My immediate feedback is that as a model document can update from ModelA to ModelB at any time, its subcollection might become invalid, so there must be a strict mechanism to separate their ids.

Maybe something like that:

export const db = schema(($) => ({
  models: $.var({
    a: $.collection<ModelA>().sub({
      items: $.collection<[ModelAItem, OtherModelAItem]>(),
    }),

    b: $.collection<ModelB>().sub({
      items: $.collection<ModelBItem>(),
    }),
  })
}));

So then you'll be able to work with them like that:

db.models.var.a.add(/* ... */);

db.models.query(/* ... */);
drewdearing commented 3 months ago

Hey! Thanks for the quick reply. I didn't consider the fact that the models could change types, leading to the sub collection types becoming out of sync. Good call on that. I think with the below solutioning, the addition of this feature isn't highly necessary, but it would be a lot easier to think about this setup.

As for current solutioning, while I did consider your second option, it is a lot less than ideal.

export const db = schema(($) => ({
  a: $.collection<{}>().sub({
    models: $.collection<ModelA>().sub({
      items:
        $.collection<[ModelAItem, OtherModelAItem]>(),
    }),
  }),
  b: $.collection<{}>().sub({
    models: $.collection<ModelB>().sub({
      items:
        $.collection<[ModelBItem]>(),
    }),
  }),
}));

I came around to this solution in the end, which I'm pretty sure is a pretty similar approach to your first solution, and has the same benefits.
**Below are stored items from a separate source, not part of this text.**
lemma violated_cycle_cyc:
  fixes w :: "'a set \<Rightarrow> real"
  assumes "S \<subseteq> V" "u \<in> V" "v \<in> V" "r \<in> S"
    and "{u, v} \<in> F \<Longrightarrow> \<exists>s. m1 = [s] \<and> w {v, s} \<le> w {u, v} \<and> w {s, u} \<le> w {u, v}"
  shows "violated_cycle w V F r cyc"
proof -
  obtain x1 x2 where x: "x1 \<in> set m1" "x2 \<in> set m2"
    using interiors_nonempty by (meson list.set_sel(1))
  then have x_C: "x1 \<in> C1" "x2 \<in> C2"
    using path1(2) path2(2) by auto
  then have "x1 \<noteq> x2" "{x1, x2} \<notin> F"
    using C1_C2_disjoint no_edge_between by auto
  then have nonadjacent: "\<exists>x\<in>set cyc. \<exists>y\<in>set cyc. x \<noteq> y \<and> {x, y} \<notin> F"
    using x by auto
  have "\<exists>x\<in>set cyc. x \<noteq> r \<and> {r, x} \<notin> F"
  proof (cases "r \<in> C2")
    case True
    then have "x1 \<noteq> r" "{r, x1} \<notin> F"
      using x_C C1_C2_disjoint no_edge_between[of x1 r] by (auto simp: insert_commute)
    then show ?thesis
      using x(1) by auto
  next
    case False
    have "{r, x2} \<notin> F"
    proof
      assume "{r, x2} \<in> F"
      then have "r \<in> component S F x2"
        using assms(4) x_C(2) components_subset_S(2) component_edge[of x2 S r F]
        by (auto simp: insert_commute)
      then show False
        using False component_of_mem_components[OF components(2) x_C(2)] by simp
    qed
    then show ?thesis
      using x(2) x_C(2) False by auto
  qed
  then show ?thesis
    unfolding violated_cycle_def
    using is_cycle_cyc[OF assms(1-3)] well_covered_cyc[OF assms(5)] nonadjacent by blast
qed

end

lemma induced_path_triangle:
  assumes "s \<notin> {u, v}" "u \<noteq> v" "{v, s} \<in> F" "{s, u} \<in> F"
  shows "induced_path (F - {{u, v}}) [v, s, u]"
  using assms by (auto simp: induced_path_def doubleton_eq_iff insert_commute)

lemma violated_cycle_through_touching_components:
  fixes w :: "'a set \<Rightarrow> real"
  assumes S: "S \<subseteq> V" "r \<in> S" "u \<in> V" "v \<in> V" "u \<notin> S" "v \<notin> S" "u \<noteq> v"
    and s: "s \<in> S" "w {s, u} \<le> w {u, v}" "w {s, v} \<le> w {u, v}"
    and triangle: "{u, v} \<in> F \<longrightarrow> {s, u} \<in> F \<and> {v, s} \<in> F"
    and C: "C1 \<in> touching S F u \<inter> touching S F v" "C2 \<in> touching S F u \<inter> touching S F v" "C1 \<noteq> C2"
    and C1_s: "{u, v} \<in> F \<Longrightarrow> C1 = component S F s"
  shows "\<exists>cs. violated_cycle w V F r cs"
proof -
  (* If uv is present, the first path is v-s-u, so that the triangle covers the chord uv. *)
  obtain m1 where m1: "set m1 \<subseteq> C1" "induced_path (F - {{u, v}}) (v # m1 @ [u])"
    and m1_s: "{u, v} \<in> F \<Longrightarrow> m1 = [s]"
  proof (cases "{u, v} \<in> F")
    case True
    have "s \<notin> {u, v}"
      using s(1) S(5,6) by blast
    then have "induced_path (F - {{u, v}}) (v # [s] @ [u])"
      using induced_path_triangle[of s u v F] triangle True S(7) by simp
    then show ?thesis
      using that[of "[s]"] C1_s[OF True] by simp
  next
    case False
    then show ?thesis
      using induced_path_through_component[OF C(1) S(5-7)] that by metis
  qed
  obtain m2 where m2: "set m2 \<subseteq> C2" "induced_path (F - {{u, v}}) (v # m2 @ [u])"
    using induced_path_through_component[OF C(2) S(5-7)] .
  have "C1 \<in> components S F" "C2 \<in> components S F"
    using C(1,2) touching_subset_components[of S F u] by auto
  then interpret two_paths_through_components S F u v C1 C2 m1 m2
    by unfold_locales (use C(3) S(5-7) m1 m2 in auto)
  have "violated_cycle w V F r cyc"
    using violated_cycle_cyc[OF S(1,3,4,2)] m1_s s(2,3) by (simp add: insert_commute)
  then show ?thesis
    by blast
qed

lemma at_most_one_component_touching_both:
  fixes w :: "'a set \<Rightarrow> real"
  assumes S: "S \<subseteq> V" "r \<in> S" "u \<in> V" "v \<in> V" "u \<notin> S" "v \<notin> S" "u \<noteq> v"
    and s: "s \<in> S" "w {s, u} \<le> w {u, v}" "w {s, v} \<le> w {u, v}"
    and triangle: "{u, v} \<in> F \<longrightarrow> {s, u} \<in> F \<and> {v, s} \<in> F"
    and no_violated: "\<nexists>cs. violated_cycle w V F r cs"
  shows "\<forall>C1\<in>touching S F u \<inter> touching S F v. \<forall>C2\<in>touching S F u \<inter> touching S F v. C1 = C2"
proof (intro ballI, rule ccontr)
  let ?K = "touching S F u \<inter> touching S F v"
  note violated = violated_cycle_through_touching_components[OF S s triangle]
  fix C1 C2 assume C: "C1 \<in> ?K" "C2 \<in> ?K" "C1 \<noteq> C2"
  show False
  proof (cases "{u, v} \<in> F")
    case True
    then have "component S F s \<in> ?K"
      using triangle True s(1) S(1) by (auto intro: component_in_touching simp: insert_commute)
    moreover obtain C where "C \<in> ?K" "C \<noteq> component S F s"
      using C by blast
    ultimately show False
      using violated[of "component S F s" C] no_violated by blast
  next
    case False
    then show False
      using violated[OF C] no_violated by blast
  qed
qed

section \<open>Vanishing of f_uv\<close>

lemma num_components_modular_thr_edges:
  fixes w :: "'a set \<Rightarrow> real"
  assumes S: "finite S" "S \<subseteq> V" "r \<in> S" "u \<in> V" "v \<in> V" "u \<notin> S" "v \<notin> S" "u \<noteq> v"
    and s: "s \<in> S" "w {s, u} \<le> w {u, v}" "w {s, v} \<le> w {u, v}"
    and no_violated: "\<nexists>cs. violated_cycle w V (thr_edges w V t) r cs"
  defines "F \<equiv> thr_edges w V t"
  shows "num_components (insert u S) F + num_components (insert v S) F
    = num_components S F + num_components (insert u (insert v S)) F"
proof (rule num_components_insert_two_vertices[OF S(1,6-8)])
  have triangle: "{u, v} \<in> F \<longrightarrow> {s, u} \<in> F \<and> {v, s} \<in> F"
    using s S by (auto simp: F_def thr_edges_def insert_in_all_edges_iff insert_commute)
  then show "touching S F u \<inter> touching S F v \<noteq> {}" if "{u, v} \<in> F"
    using that s(1) S(2) component_in_touching[of s S u F] component_in_touching[of s S v F]
    by (auto simp: insert_commute)
  have "\<forall>C1\<in>touching S F u \<inter> touching S F v. \<forall>C2\<in>touching S F u \<inter> touching S F v. C1 = C2"
    using at_most_one_component_touching_both[OF S(2-8) s triangle] no_violated
    unfolding F_def by blast
  then show "card (touching S F u \<inter> touching S F v) \<le> 1"
    using finite_touching[OF S(1), of F u] by (simp add: card_le_Suc0_iff_eq)
qed

lemma components_thr_edges_restrict:
  assumes "X \<subseteq> V"
  shows "components X (thr_edges w V t) = components X (thr_edges w X t)"
proof -
  have "edge_rel X (thr_edges w V t) = edge_rel X (thr_edges w X t)"
    using assms by (auto simp: edge_rel_def thr_edges_def insert_in_all_edges_iff)
  then show ?thesis
    by (simp add: components_def component_def)
qed

lemma f_uv_eq_sum_gaps:
  fixes w :: "'a set \<Rightarrow> real"
  assumes "finite V" "S \<subseteq> V" "S \<noteq> {}" "u \<in> V" "v \<in> V" "u \<notin> S" "v \<notin> S" "u \<noteq> v"
  defines "W \<equiv> w ` all_edges V"
    and "nc \<equiv> \<lambda>X t. real (num_components X (thr_edges w V t))"
  shows "f_uv w u v S = (\<Sum>t\<in>W. gap_to_next W t *
    (nc (insert u S) t + nc (insert v S) t - nc S t - nc (insert u (insert v S)) t))"
proof -
  have "finite W"
    using finite_all_edges[OF assms(1)] by (simp add: W_def)
  have mst: "mst w X = Min W * (real (card X) - 1) + (\<Sum>t\<in>W. gap_to_next W t * (nc X t - 1))"
    if "X \<subseteq> V" "X \<noteq> {}" for X
  proof -
    have "w ` all_edges X \<subseteq> W"
      using all_edges_mono[OF that(1)] by (auto simp: W_def)
    then show ?thesis
      using mst_eq_layer_cake[OF finite_subset[OF that(1) assms(1)] that(2) \<open>finite W\<close>]
      unfolding nc_def components_thr_edges_restrict[OF that(1)] by simp
  qed
  have "finite S"
    using assms(1,2) finite_subset by blast
  then have "card (insert u S) = card S + 1" "card (insert v S) = card S + 1"
      "card (insert u (insert v S)) = card S + 2"
    using assms(6-8) by auto
  then show ?thesis
    unfolding f_uv_def using assms(2-5)
    by (simp add: mst algebra_simps sum.distrib sum_subtractf)
qed

lemma f_uv_eq_0_if_num_components_modular:
  fixes w :: "'a set \<Rightarrow> real"
  assumes S: "finite V" "S \<subseteq> V" "S \<noteq> {}" "u \<in> V" "v \<in> V" "u \<notin> S" "v \<notin> S" "u \<noteq> v"
    and modular: "\<And>t. t \<in> w ` all_edges V \<Longrightarrow> t < Max (w ` all_edges V) \<Longrightarrow>
      num_components (insert u S) (thr_edges w V t) + num_components (insert v S) (thr_edges w V t)
      = num_components S (thr_edges w V t) + num_components (insert u (insert v S)) (thr_edges w V t)"
  shows "f_uv w u v S = 0"
proof -
  let ?W = "w ` all_edges V" and ?nc = "\<lambda>X t. real (num_components X (thr_edges w V t))"
  have "finite ?W"
    using finite_all_edges[OF S(1)] by simp
  have "gap_to_next ?W t * (?nc (insert u S) t + ?nc (insert v S) t - ?nc S t
      - ?nc (insert u (insert v S)) t) = 0" if "t \<in> ?W" for t
  proof (cases "t < Max ?W")
    case True
    then show ?thesis
      using modular[OF that True] by (simp add: algebra_simps flip: of_nat_add)
  next
    case False
    then have "\<not> (\<exists>t'\<in>?W. t < t')"
      using Max_ge[OF \<open>finite ?W\<close>] by fastforce
    then show ?thesis
      by (simp add: gap_to_next_def)
  qed
  then show ?thesis
    using f_uv_eq_sum_gaps[OF S, of w] by (simp add: sum.neutral)
qed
Although, with the below, you don't need to filter the sub collections on model id. Thanks for your feedback on my designs.

export const db = schema(($) => ({
  items: $.collection<[ModelA, ModelB]>().sub({
    aItems: $.collection<[ModelAItem, OtherModelAItem]>(),
    bItems: $.collection<[ModelBItem]>(),
  }),
}));
kossnocorp commented 3 months ago

You're welcome! I'll keep in mind this problem, and maybe one day I'll come up with an elegant solution.